Saved entries
+===+
lemma abs_det_sq_le_by_entry_sum:
  fixes M :: "real^'n^'n"
  defines "N \<equiv> CARD('n)"
  defines "s \<equiv> (\<Sum>i\<in>UNIV. \<Sum>j\<in>UNIV. M $ i $ j) / N"
    and "F \<equiv> \<Sum>i\<in>UNIV. norm (row i M)^2"
  assumes "N \<ge> 2" "s \<noteq> 0" "F \<le> N * s^2"
  shows "\<bar>det M\<bar>^2 \<le> s^2 * ((F - s^2) / (real N - 1))^(N - 1)"
proof -
  define e where "e = (\<chi> i::'n. 1 / sqrt CARD('n))"
  have "norm e = 1" "\<bar>s\<bar> \<le> norm (M *v e)"
    using entry_sum_le_norm_mult_ones(1) entry_sum_le_norm_mult_ones(2)[of M]
    by (simp_all add: e_def s_def N_def)
  obtain y :: "'n \<Rightarrow> real" and k where y: "\<And>j. y j \<ge> 0" "\<bar>det M\<bar>^2 \<le> (\<Prod>j\<in>UNIV. y j)"
    "(\<Sum>j\<in>UNIV. y j) = F" "y k = norm (M *v e)^2"
    using abs_det_sq_le_prod_rotated_column_norms[OF \<open>norm e = 1\<close>, where M = M]
    unfolding F_def by blast
  have "s^2 \<le> y k"
    using \<open>\<bar>s\<bar> \<le> norm (M *v e)\<close> y(4) by (metis abs_ge_zero power2_abs power_mono)
  have "(\<Prod>j\<in>UNIV. y j) \<le> s^2 * (((\<Sum>j\<in>UNIV. y j) - s^2) / (real (card (UNIV :: 'n set)) - 1))^(card (UNIV :: 'n set) - 1)"
    using assms(4-6) y(1,3) \<open>s^2 \<le> y k\<close>
    by (intro prod_le_with_one_large_factor) (auto simp: N_def)
  with y(2,3) show ?thesis
    by (simp add: N_def)
qed

lemma sum_arith_progression:
  "(\<Sum>k<m. a + real k * d) = m * (a + (real m - 1) / 2 * d)"
  by (induction m) (auto simp: field_simps)

lemma sum_arith_progression_power2:
  "(\<Sum>k<m. (a + real k * d)^2) = m * ((a + (real m - 1) / 2 * d)^2 + d^2 * (real m^2 - 1) / 12)"
  by (induction m) (auto simp: field_simps power2_eq_square)

lemma sum_entries_progression_matrix:
  fixes M :: "'a^'n^'n" and g :: "'a \<Rightarrow> real"
  assumes "bij_betw f (UNIV :: ('n \<times> 'n) set) {0..<CARD('n)^2}"
    and "\<And>i j. M $ i $ j = h (f (i, j))"
  shows "(\<Sum>i\<in>UNIV. \<Sum>j\<in>UNIV. g (M $ i $ j)) = (\<Sum>k<CARD('n)^2. g (h k))"
proof -
  have "(\<Sum>i\<in>UNIV. \<Sum>j\<in>UNIV. g (M $ i $ j)) = (\<Sum>x\<in>UNIV. g (h (f x)))"
    unfolding sum.cartesian_product UNIV_Times_UNIV by (simp add: assms(2) case_prod_beta)
  also have "\<dots> = (\<Sum>k<CARD('n)^2. g (h k))"
    using sum.reindex_bij_betw[OF assms(1), of "\<lambda>k. g (h k)"] by (simp add: lessThan_atLeast0)
  finally show ?thesis .
qed

lemma progression_matrix_sums:
  fixes M :: "real^'n^'n" and p q :: real
  defines "n \<equiv> real CARD('n)"
  defines "\<mu> \<equiv> p + (n^2 - 1) / 2 * q"
  assumes "bij_betw f (UNIV :: ('n \<times> 'n) set) {0..<CARD('n)^2}"
    and "\<And>i j. M $ i $ j = p + real (f (i, j)) * q"
  shows "(\<Sum>i\<in>UNIV. \<Sum>j\<in>UNIV. M $ i $ j) = n^2 * \<mu>"
    and "(\<Sum>i\<in>UNIV. norm (row i M)^2) = n^2 * (\<mu>^2 + q^2 * (n^4 - 1) / 12)"
proof -
  have reindex: "(\<Sum>i\<in>UNIV. \<Sum>j\<in>UNIV. g (M $ i $ j)) = (\<Sum>k<CARD('n)^2. g (p + real k * q))"
    for g :: "real \<Rightarrow> real"
    using assms(3,4) by (rule sum_entries_progression_matrix)
  show "(\<Sum>i\<in>UNIV. \<Sum>j\<in>UNIV. M $ i $ j) = n^2 * \<mu>"
    using reindex[of "\<lambda>x. x"] by (simp add: sum_arith_progression n_def \<mu>_def)
  have "(\<Sum>i\<in>UNIV. norm (row i M)^2) = (\<Sum>i\<in>UNIV. \<Sum>j\<in>UNIV. (M $ i $ j)^2)"
    by (simp add: norm_power2_eq_sum_components row_def)
  also have "\<dots> = n^2 * (\<mu>^2 + q^2 * (n^4 - 1) / 12)"
    using reindex[of "\<lambda>x. x^2"]
    by (simp add: sum_arith_progression_power2 n_def \<mu>_def flip: power_mult)
  finally show "(\<Sum>i\<in>UNIV. norm (row i M)^2) = n^2 * (\<mu>^2 + q^2 * (n^4 - 1) / 12)" .
qed

lemma powr_half_power2: "0 < x \<Longrightarrow> (x powr (real m / 2))^2 = x^m"
  by (simp add: power2_eq_square powr_add[symmetric] powr_realpow)

lemma entry_sum_bound_vs_frobenius_bound:
  fixes q r \<rho> :: real and N :: nat
  defines "n \<equiv> real N"
  defines "B \<equiv> n^N * q^N * \<bar>r\<bar> * \<rho> powr ((n - 1) / 2)"
    and "\<sigma> \<equiv> n * q^2 * (r^2 + (n - 1) * \<rho>)"
  assumes "N \<ge> 2" "q > 0" "\<rho> > 0" "\<rho> \<le> r^2"
  shows "B^2 = (n * q * r)^2 * (n^2 * q^2 * \<rho>)^(N - 1)"
    and "r^2 = \<rho> \<Longrightarrow> B = \<sigma> powr (n / 2)"
    and "\<rho> < r^2 \<Longrightarrow> B < \<sigma> powr (n / 2)"
proof -
  have "B \<ge> 0"
    using assms by (simp add: B_def n_def)
  have "\<sigma> > 0"
    using assms by (auto simp: \<sigma>_def n_def intro!: mult_pos_pos add_pos_nonneg)
  have "(\<rho> powr ((n - 1) / 2))^2 = \<rho>^(N - 1)"
    using powr_half_power2[OF \<open>\<rho> > 0\<close>, of "N - 1"] assms by (simp add: n_def of_nat_diff)
  then have B2: "B^2 = n^N * (q^2)^N * (n^N * r^2 * \<rho>^(N - 1))"
    by (simp add: B_def power_mult_distrib power_mult power2_eq_square mult_ac)
  have \<rho>_pow: "\<rho>^N = \<rho> * \<rho>^(N - 1)" "n^N = n * n^(N - 1)" "(q^2)^N = q^2 * (q^2)^(N - 1)"
    using assms by (simp_all flip: power_Suc)
  show "B^2 = (n * q * r)^2 * (n^2 * q^2 * \<rho>)^(N - 1)"
    unfolding B2 \<rho>_pow by (simp add: power_mult_distrib power2_eq_square mult_ac)
  have \<sigma>2: "(\<sigma> powr (n / 2))^2 = n^N * (q^2)^N * (r^2 + (n - 1) * \<rho>)^N"
    using powr_half_power2[OF \<open>\<sigma> > 0\<close>, of N]
    by (simp add: n_def \<sigma>_def power_mult_distrib)
  show "B = \<sigma> powr (n / 2)" if "r^2 = \<rho>"
  proof -
    have "B^2 = (\<sigma> powr (n / 2))^2"
      unfolding B2 \<sigma>2 that by (simp add: \<rho>_pow power_mult_distrib algebra_simps)
    then show ?thesis
      using \<open>B \<ge> 0\<close> by (simp add: power2_eq_iff_nonneg)
  qed
  show "B < \<sigma> powr (n / 2)" if "\<rho> < r^2"
  proof -
    have "n^N * r^2 * \<rho>^(N - 1) < (r^2 + (n - 1) * \<rho>)^N"
      using amgm_one_vs_rest_strict[of N \<rho> "r^2"] assms that by (simp add: n_def)
    then have "B^2 < (\<sigma> powr (n / 2))^2"
      unfolding B2 \<sigma>2 using assms by (simp add: n_def)
    then show ?thesis
      by (rule power2_less_imp_less) simp
  qed
qed

lemma abs_det_le_by_entry_and_row_sums:
  fixes M :: "real^'n^'n" and q r \<rho> :: real
  defines "n \<equiv> real CARD('n)"
  defines "\<sigma> \<equiv> n * q^2 * (r^2 + (n - 1) * \<rho>)"
  assumes "CARD('n) \<ge> 2" "q > 0" "\<rho> > 0"
    and entry_sum: "(\<Sum>i\<in>UNIV. \<Sum>j\<in>UNIV. M $ i $ j) / n = n * q * r"
    and row_sum: "(\<Sum>i\<in>UNIV. norm (row i M)^2) = n * \<sigma>"
  shows "\<bar>det M\<bar> \<le> \<sigma> powr (n / 2)"
    and "\<rho> \<le> r^2 \<Longrightarrow> \<bar>det M\<bar> \<le> n^CARD('n) * q^CARD('n) * \<bar>r\<bar> * \<rho> powr ((n - 1) / 2)"
proof -
  have "n \<ge> 2"
    using assms by (simp add: n_def)
  show "\<bar>det M\<bar> \<le> \<sigma> powr (n / 2)"
  proof (rule power2_le_imp_le)
    have "\<sigma> > 0"
      using \<open>n \<ge> 2\<close> assms by (auto simp: \<sigma>_def intro!: mult_pos_pos add_nonneg_pos)
    then show "\<bar>det M\<bar>^2 \<le> (\<sigma> powr (n / 2))^2"
      using abs_det_le_mean_row_norm_power[of M] \<open>n \<ge> 2\<close>
      by (simp add: row_sum powr_half_power2 n_def)
  qed simp
  assume "\<rho> \<le> r^2"
  show "\<bar>det M\<bar> \<le> n^CARD('n) * q^CARD('n) * \<bar>r\<bar> * \<rho> powr ((n - 1) / 2)"
  proof (rule power2_le_imp_le)
    have "r \<noteq> 0"
      using \<open>\<rho> \<le> r^2\<close> \<open>\<rho> > 0\<close> by auto
    have "n^2 * q^2 * (r^2 + (n - 1) * \<rho>) \<le> n^2 * q^2 * (r^2 + (n - 1) * r^2)"
      using \<open>\<rho> \<le> r^2\<close> \<open>n \<ge> 2\<close> by (intro mult_left_mono add_left_mono) auto
    then have "n * \<sigma> \<le> n * (n * q * r)^2"
      by (simp add: \<sigma>_def power2_eq_square algebra_simps)
    moreover have "(n * \<sigma> - (n * q * r)^2) / (n - 1) = n^2 * q^2 * \<rho>"
      using \<open>n \<ge> 2\<close> by (simp add: \<sigma>_def field_simps power2_eq_square)
    ultimately have "\<bar>det M\<bar>^2 \<le> (n * q * r)^2 * (n^2 * q^2 * \<rho>)^(CARD('n) - 1)"
      using abs_det_sq_le_by_entry_sum[of M] assms(3,4) \<open>r \<noteq> 0\<close> \<open>n \<ge> 2\<close>
        entry_sum[unfolded n_def] row_sum[unfolded n_def]
      by (simp add: n_def)
    then show "\<bar>det M\<bar>^2 \<le> (n^CARD('n) * q^CARD('n) * \<bar>r\<bar> * \<rho> powr ((n - 1) / 2))^2"
      using entry_sum_bound_vs_frobenius_bound(1)[where N = "CARD('n)" and q = q and r = r and \<rho> = \<rho>]
        assms(3-5) \<open>\<rho> \<le> r^2\<close>
      by (simp add: n_def)
  qed (use assms in \<open>simp add: n_def\<close>)
qed

theorem mainTheorem7:
  fixes M :: "real ^ 'n ^ 'n" and p q :: real
  assumes n2: "CARD('n) \<ge> 2"
    and qpos: "q > 0"
    and perm: "\<exists>f. bij_betw f (UNIV :: ('n \<times> 'n) set) {0..<CARD('n)^2}
                    \<and> (\<forall>i j. M $ i $ j = p + real (f (i, j)) * q)"
  defines "n \<equiv> real CARD('n)"
  defines "r \<equiv> p / q + (n^2 - 1) / 2"
    and "\<rho> \<equiv> (n^3 + n^2 + n + 1) / 12"
  defines "\<sigma> \<equiv> n * q^2 * (r^2 + (n^4 - 1) / 12)"
  shows "(r^2 < \<rho> \<longrightarrow> \<bar>det M\<bar> \<le> \<sigma> powr (n / 2))
       \<and> (r^2 = \<rho> \<longrightarrow> \<bar>det M\<bar> \<le> n^CARD('n) * q^CARD('n) * \<bar>r\<bar> * \<rho> powr ((n - 1) / 2)
                     \<and> n^CARD('n) * q^CARD('n) * \<bar>r\<bar> * \<rho> powr ((n - 1) / 2) = \<sigma> powr (n / 2))
       \<and> (r^2 > \<rho> \<longrightarrow> \<bar>det M\<bar> \<le> n^CARD('n) * q^CARD('n) * \<bar>r\<bar> * \<rho> powr ((n - 1) / 2)
                     \<and> n^CARD('n) * q^CARD('n) * \<bar>r\<bar> * \<rho> powr ((n - 1) / 2) < \<sigma> powr (n / 2))"
proof -
  obtain f where "bij_betw f (UNIV :: ('n \<times> 'n) set) {0..<CARD('n)^2}"
    and "\<And>i j. M $ i $ j = p + real (f (i, j)) * q"
    using perm by blast
  moreover have "p + (n^2 - 1) / 2 * q = q * r"
    using qpos by (simp add: r_def field_simps)
  ultimately have sums: "(\<Sum>i\<in>UNIV. \<Sum>j\<in>UNIV. M $ i $ j) = n^2 * (q * r)"
    "(\<Sum>i\<in>UNIV. norm (row i M)^2) = n^2 * ((q * r)^2 + q^2 * (n^4 - 1) / 12)"
    using progression_matrix_sums[where f = f and M = M and p = p and q = q] by (simp_all add: n_def)
  have quartic: "(n^4 - 1) / 12 = (n - 1) * \<rho>"
    by (simp add: \<rho>_def field_simps eval_nat_numeral)
  then have \<sigma>_eq: "\<sigma> = n * q^2 * (r^2 + (n - 1) * \<rho>)"
    by (simp add: \<sigma>_def)
  have "q^2 * (n^4 - 1) / 12 = q^2 * ((n - 1) * \<rho>)"
    using quartic by simp
  then have "(\<Sum>i\<in>UNIV. norm (row i M)^2) = n * (n * q^2 * (r^2 + (n - 1) * \<rho>))"
    unfolding sums(2) by (simp only:) (simp add: power2_eq_square algebra_simps)
  moreover have "(\<Sum>i\<in>UNIV. \<Sum>j\<in>UNIV. M $ i $ j) / n = n * q * r"
    using sums(1) n2 by (simp add: n_def power2_eq_square)
  moreover have "\<rho> > 0"
    by (simp add: \<rho>_def n_def add_pos_pos)
  ultimately show ?thesis
    using abs_det_le_by_entry_and_row_sums[where M = M and q = q and r = r and \<rho> = \<rho>]
      entry_sum_bound_vs_frobenius_bound(2,3)[where N = "CARD('n)" and q = q and r = r and \<rho> = \<rho>]
      n2 qpos
    unfolding \<sigma>_eq n_def by auto
qed

end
+===+
**Work request:** Determine how many lines above contain "obtain" and respond with that number only.

**Expected output:** 2